Wherever "cases" turns up in the entries, copy out the line that holds it.
==================================================
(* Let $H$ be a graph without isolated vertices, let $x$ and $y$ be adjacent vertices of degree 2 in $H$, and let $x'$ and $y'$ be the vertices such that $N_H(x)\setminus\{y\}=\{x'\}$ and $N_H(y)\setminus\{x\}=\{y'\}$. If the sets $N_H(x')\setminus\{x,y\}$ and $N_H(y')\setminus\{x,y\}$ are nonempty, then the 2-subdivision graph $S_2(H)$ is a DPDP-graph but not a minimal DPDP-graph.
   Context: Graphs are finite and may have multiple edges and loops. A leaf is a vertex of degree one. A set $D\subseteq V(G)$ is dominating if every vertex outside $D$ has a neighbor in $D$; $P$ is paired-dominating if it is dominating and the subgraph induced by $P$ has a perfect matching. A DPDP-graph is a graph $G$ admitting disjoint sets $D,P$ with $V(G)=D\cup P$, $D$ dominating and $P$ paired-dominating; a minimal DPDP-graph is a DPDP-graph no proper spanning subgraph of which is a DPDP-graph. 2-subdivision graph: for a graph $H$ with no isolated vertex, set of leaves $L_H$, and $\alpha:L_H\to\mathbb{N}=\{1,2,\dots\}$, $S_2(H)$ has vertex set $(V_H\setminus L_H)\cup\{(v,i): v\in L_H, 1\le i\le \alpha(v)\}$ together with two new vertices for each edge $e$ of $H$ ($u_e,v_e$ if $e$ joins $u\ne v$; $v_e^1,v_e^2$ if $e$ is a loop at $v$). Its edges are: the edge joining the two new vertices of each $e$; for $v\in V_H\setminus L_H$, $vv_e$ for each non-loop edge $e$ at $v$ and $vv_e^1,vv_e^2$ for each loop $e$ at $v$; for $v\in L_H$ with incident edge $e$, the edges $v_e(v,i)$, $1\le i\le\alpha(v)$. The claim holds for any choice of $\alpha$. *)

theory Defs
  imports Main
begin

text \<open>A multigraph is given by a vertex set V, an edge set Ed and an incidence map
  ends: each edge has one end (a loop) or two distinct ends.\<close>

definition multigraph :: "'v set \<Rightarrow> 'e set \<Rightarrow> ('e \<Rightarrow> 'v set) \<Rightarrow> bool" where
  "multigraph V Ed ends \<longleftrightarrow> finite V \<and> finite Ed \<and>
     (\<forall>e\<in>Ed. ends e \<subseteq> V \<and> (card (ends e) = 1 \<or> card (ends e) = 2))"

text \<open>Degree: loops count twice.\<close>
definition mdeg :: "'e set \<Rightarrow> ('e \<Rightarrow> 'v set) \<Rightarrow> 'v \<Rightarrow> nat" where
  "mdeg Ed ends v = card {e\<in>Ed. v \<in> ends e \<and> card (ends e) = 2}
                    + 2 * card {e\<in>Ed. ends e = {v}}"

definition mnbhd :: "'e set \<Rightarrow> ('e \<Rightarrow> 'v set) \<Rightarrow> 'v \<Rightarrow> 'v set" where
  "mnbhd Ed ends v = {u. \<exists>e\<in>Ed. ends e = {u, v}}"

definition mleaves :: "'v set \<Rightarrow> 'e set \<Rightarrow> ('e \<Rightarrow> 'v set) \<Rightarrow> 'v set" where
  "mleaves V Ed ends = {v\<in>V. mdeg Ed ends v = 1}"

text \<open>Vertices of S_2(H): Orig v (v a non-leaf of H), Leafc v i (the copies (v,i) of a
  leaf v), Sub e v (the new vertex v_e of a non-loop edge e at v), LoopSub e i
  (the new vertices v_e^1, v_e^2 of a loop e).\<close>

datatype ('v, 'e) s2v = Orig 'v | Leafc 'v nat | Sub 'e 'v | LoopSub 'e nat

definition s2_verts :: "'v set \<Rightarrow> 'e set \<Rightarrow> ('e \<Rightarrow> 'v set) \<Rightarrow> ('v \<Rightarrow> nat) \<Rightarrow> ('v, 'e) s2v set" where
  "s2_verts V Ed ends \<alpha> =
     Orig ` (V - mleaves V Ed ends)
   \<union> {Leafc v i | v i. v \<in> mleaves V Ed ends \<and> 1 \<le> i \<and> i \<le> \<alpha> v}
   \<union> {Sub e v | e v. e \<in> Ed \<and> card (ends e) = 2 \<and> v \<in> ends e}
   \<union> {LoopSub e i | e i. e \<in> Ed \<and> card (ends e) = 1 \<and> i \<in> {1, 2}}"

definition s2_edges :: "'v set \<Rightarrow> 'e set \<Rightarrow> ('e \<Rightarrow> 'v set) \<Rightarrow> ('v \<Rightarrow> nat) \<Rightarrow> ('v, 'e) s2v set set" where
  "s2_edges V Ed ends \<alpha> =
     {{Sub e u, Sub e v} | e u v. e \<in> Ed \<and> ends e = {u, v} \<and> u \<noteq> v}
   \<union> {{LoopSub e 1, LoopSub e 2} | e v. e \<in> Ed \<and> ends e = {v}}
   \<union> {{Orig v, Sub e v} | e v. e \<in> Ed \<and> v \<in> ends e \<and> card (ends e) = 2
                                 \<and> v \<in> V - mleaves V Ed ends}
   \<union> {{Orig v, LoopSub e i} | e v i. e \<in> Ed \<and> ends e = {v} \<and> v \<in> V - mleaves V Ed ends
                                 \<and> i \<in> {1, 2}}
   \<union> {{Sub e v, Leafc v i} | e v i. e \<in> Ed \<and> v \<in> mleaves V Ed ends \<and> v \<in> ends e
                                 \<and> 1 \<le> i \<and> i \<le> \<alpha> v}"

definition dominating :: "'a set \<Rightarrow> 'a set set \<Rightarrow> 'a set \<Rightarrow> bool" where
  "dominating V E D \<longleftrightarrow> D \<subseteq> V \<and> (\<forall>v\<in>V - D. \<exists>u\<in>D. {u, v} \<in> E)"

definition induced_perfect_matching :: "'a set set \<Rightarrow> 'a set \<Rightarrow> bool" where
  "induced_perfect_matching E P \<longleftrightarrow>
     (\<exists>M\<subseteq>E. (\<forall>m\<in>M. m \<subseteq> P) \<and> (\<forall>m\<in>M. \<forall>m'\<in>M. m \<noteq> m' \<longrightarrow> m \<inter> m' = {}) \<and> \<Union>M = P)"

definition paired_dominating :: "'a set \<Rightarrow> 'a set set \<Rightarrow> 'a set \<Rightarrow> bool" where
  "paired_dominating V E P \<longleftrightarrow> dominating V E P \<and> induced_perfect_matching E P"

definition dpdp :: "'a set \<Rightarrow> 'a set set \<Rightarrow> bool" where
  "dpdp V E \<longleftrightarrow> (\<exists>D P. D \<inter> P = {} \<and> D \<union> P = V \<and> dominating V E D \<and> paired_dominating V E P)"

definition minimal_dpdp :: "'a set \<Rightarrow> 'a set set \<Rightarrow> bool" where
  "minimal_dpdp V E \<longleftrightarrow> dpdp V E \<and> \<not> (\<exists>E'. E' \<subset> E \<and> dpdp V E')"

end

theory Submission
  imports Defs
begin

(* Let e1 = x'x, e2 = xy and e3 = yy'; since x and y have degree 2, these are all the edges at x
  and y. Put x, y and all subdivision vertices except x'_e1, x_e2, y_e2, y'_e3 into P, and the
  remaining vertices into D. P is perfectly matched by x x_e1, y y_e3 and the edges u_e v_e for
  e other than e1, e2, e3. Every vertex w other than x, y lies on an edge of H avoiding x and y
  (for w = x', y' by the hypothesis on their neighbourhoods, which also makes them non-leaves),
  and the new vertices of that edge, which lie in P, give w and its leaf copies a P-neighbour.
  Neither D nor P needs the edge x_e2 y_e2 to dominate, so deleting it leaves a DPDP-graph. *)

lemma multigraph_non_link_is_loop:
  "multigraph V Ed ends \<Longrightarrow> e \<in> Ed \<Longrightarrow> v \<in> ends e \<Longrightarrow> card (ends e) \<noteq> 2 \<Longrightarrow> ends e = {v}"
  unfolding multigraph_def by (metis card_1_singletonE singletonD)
==================================================
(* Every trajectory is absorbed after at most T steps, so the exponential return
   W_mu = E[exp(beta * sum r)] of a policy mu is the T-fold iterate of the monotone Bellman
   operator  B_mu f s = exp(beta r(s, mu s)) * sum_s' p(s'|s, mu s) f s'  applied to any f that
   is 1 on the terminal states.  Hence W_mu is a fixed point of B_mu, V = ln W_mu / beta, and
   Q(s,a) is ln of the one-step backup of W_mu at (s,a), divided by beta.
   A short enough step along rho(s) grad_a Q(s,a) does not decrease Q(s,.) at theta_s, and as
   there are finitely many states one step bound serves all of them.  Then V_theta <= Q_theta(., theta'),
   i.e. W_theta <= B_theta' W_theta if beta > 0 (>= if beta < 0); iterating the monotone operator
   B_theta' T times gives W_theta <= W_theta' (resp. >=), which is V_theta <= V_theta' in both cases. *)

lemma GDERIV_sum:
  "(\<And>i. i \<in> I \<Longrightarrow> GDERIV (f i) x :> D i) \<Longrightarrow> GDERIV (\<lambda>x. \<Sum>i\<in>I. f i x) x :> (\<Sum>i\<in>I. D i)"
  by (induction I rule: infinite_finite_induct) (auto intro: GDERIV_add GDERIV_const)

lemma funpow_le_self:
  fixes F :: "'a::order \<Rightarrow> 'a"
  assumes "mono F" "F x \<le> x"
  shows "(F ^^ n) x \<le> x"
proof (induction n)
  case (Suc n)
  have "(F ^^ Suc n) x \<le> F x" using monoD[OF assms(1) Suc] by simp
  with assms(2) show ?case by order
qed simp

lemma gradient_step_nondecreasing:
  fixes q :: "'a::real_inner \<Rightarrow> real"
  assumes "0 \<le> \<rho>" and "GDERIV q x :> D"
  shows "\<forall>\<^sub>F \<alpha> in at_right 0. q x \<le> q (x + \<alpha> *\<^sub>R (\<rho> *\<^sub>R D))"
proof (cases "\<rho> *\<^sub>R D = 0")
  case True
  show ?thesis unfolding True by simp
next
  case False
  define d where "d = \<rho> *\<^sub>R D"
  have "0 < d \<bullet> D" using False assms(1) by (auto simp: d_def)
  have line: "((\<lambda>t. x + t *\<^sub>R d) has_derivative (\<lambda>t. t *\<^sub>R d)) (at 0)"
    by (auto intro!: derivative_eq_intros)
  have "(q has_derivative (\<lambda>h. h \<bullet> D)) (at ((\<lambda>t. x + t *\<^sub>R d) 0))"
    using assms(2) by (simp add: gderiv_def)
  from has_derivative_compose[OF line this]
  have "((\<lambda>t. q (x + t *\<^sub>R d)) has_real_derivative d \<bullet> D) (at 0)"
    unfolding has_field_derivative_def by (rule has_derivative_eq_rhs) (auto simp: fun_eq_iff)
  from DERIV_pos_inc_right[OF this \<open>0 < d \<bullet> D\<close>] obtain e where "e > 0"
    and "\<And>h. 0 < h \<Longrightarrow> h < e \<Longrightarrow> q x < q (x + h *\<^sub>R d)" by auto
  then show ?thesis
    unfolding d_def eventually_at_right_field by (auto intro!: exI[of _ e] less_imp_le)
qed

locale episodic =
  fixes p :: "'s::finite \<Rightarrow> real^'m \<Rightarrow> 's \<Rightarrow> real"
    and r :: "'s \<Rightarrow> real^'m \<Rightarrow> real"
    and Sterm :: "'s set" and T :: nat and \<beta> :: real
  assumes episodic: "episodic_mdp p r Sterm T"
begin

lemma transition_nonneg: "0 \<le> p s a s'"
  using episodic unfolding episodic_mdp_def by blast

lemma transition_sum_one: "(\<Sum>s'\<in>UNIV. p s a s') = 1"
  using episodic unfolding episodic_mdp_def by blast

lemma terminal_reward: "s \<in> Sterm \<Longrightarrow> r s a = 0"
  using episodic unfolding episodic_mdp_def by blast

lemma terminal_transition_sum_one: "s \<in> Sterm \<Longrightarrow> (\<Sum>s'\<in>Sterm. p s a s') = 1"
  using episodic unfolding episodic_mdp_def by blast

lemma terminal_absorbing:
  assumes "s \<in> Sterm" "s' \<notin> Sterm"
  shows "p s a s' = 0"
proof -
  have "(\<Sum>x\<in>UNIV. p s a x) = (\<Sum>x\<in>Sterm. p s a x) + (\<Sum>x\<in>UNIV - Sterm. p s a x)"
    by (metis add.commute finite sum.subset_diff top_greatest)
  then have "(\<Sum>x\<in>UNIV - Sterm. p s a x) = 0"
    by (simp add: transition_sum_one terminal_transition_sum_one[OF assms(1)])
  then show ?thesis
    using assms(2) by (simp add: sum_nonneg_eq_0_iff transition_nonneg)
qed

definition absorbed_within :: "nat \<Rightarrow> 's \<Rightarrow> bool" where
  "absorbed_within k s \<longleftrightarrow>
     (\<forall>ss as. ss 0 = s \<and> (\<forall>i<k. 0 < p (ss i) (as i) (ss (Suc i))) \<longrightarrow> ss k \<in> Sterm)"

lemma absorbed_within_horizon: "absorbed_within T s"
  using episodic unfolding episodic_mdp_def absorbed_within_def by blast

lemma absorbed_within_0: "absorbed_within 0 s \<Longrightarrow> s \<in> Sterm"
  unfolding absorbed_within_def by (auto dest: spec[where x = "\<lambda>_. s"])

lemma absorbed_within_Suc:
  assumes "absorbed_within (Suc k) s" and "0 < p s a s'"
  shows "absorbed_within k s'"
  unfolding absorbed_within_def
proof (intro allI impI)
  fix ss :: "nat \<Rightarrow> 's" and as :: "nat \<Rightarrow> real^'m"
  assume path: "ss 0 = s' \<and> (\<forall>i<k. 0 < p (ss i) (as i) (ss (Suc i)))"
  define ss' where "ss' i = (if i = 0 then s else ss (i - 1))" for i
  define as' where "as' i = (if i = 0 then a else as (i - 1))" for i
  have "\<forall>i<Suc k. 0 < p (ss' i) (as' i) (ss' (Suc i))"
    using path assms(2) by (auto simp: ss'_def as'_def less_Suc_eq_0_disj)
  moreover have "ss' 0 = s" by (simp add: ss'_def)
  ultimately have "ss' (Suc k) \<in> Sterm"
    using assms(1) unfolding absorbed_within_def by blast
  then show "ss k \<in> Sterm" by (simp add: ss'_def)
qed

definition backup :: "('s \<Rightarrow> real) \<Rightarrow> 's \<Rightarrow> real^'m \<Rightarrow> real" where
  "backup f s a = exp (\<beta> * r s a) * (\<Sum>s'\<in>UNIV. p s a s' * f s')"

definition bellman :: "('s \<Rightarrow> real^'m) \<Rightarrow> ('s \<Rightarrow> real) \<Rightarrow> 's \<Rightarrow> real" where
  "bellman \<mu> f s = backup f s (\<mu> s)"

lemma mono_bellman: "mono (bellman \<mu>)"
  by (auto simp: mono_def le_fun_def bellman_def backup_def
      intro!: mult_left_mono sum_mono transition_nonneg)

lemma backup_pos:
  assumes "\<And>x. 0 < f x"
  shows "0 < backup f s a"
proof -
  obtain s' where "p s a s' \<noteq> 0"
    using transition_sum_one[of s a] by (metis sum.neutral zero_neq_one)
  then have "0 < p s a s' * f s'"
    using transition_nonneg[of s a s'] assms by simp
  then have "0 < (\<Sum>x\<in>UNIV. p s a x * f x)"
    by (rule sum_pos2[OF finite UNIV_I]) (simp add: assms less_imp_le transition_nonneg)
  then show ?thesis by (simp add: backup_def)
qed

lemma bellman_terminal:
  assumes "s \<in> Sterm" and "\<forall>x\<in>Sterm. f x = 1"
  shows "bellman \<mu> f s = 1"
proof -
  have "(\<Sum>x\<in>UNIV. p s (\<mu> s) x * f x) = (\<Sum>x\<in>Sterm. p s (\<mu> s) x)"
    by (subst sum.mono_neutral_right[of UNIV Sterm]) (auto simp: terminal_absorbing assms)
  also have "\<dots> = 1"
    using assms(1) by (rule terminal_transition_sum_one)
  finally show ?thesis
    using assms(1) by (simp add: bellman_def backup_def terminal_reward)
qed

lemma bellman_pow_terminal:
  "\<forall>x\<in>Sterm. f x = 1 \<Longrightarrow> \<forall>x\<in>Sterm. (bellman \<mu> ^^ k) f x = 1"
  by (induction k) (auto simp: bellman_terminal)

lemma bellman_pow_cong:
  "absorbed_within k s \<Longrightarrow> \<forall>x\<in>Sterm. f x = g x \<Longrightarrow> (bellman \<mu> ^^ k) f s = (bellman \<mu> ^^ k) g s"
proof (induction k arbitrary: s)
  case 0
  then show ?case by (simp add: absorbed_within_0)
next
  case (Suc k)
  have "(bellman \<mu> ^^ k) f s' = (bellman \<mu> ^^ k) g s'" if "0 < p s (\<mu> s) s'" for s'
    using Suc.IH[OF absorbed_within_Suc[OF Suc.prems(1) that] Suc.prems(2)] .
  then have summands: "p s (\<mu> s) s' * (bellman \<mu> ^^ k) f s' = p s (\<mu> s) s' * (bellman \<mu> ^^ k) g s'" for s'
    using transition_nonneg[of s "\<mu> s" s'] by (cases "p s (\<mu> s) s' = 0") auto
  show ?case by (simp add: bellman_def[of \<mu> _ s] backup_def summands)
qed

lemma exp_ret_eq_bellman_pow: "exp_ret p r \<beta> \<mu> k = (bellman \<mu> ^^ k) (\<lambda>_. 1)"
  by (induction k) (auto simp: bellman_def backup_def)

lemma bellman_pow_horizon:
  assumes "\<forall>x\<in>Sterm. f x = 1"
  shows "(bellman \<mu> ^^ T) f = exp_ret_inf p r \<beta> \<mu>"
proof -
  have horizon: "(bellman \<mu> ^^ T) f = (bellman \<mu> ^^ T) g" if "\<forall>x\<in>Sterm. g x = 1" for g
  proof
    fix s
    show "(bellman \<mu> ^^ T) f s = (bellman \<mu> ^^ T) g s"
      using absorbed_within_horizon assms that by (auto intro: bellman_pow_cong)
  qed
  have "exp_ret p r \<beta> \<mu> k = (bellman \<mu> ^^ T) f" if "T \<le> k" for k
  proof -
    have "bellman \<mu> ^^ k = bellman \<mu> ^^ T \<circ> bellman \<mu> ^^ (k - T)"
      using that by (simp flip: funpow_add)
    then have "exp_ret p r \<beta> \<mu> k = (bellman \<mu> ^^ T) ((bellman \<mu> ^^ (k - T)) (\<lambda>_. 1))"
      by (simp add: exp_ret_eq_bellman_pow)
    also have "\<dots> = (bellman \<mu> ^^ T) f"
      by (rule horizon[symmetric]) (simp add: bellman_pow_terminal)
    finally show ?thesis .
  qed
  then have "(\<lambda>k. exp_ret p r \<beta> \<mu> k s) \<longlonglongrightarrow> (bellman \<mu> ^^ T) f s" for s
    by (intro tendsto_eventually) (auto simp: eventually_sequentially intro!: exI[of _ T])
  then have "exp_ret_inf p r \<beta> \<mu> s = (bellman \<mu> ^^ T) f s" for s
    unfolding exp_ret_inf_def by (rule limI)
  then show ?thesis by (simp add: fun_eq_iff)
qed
==================================================
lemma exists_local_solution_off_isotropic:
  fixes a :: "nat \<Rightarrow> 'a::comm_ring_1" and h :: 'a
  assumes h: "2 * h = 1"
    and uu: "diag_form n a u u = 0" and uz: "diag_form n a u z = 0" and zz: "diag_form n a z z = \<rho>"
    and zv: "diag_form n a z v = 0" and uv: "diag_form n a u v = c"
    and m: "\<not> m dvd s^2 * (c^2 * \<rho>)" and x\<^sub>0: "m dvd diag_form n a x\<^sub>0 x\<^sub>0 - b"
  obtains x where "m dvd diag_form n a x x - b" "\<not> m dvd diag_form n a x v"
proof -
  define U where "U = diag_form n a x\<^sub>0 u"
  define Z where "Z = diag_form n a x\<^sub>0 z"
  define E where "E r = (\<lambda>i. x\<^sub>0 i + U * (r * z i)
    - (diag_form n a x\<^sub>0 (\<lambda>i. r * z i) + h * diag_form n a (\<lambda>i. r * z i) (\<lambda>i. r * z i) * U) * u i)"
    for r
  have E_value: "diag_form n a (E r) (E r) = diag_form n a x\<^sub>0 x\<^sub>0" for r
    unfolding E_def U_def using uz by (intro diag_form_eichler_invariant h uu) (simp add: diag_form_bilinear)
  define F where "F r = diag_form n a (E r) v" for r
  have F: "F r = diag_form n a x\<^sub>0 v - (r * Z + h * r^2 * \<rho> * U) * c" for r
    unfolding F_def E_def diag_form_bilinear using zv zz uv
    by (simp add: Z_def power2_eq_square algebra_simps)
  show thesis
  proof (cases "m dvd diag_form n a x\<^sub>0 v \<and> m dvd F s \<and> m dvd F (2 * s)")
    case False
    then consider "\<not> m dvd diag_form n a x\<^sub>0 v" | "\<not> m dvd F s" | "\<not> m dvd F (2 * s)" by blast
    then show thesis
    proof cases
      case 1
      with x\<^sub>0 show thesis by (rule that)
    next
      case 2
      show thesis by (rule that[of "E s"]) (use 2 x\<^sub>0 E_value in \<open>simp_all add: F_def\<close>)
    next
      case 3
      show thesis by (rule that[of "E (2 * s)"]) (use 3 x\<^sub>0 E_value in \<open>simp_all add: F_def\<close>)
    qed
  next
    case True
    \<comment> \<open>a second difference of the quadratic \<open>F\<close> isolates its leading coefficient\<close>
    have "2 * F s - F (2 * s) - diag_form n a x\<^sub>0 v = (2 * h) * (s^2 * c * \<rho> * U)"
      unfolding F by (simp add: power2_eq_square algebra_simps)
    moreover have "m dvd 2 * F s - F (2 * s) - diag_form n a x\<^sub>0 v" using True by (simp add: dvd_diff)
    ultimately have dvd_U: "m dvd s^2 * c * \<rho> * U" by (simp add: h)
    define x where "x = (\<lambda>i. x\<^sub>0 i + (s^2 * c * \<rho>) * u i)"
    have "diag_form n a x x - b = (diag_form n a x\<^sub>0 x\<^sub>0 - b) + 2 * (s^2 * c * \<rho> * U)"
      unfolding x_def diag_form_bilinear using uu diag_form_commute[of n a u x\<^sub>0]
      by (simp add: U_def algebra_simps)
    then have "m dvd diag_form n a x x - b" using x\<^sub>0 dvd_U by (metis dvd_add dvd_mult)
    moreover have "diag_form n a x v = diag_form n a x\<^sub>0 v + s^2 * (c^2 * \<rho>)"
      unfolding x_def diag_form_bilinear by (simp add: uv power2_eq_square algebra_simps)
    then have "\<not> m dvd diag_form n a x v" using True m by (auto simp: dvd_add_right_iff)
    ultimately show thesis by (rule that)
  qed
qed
==================================================
#### Written response:
   B_theta' T times gives W_theta <= W_theta' (resp. >=), which is V_theta <= V_theta' in both cases. *)
proof (cases "\<rho> *\<^sub>R D = 0")
    using transition_nonneg[of s "\<mu> s" s'] by (cases "p s (\<mu> s) s' = 0") auto
  proof (cases "m dvd diag_form n a x\<^sub>0 v \<and> m dvd F s \<and> m dvd F (2 * s)")
    proof cases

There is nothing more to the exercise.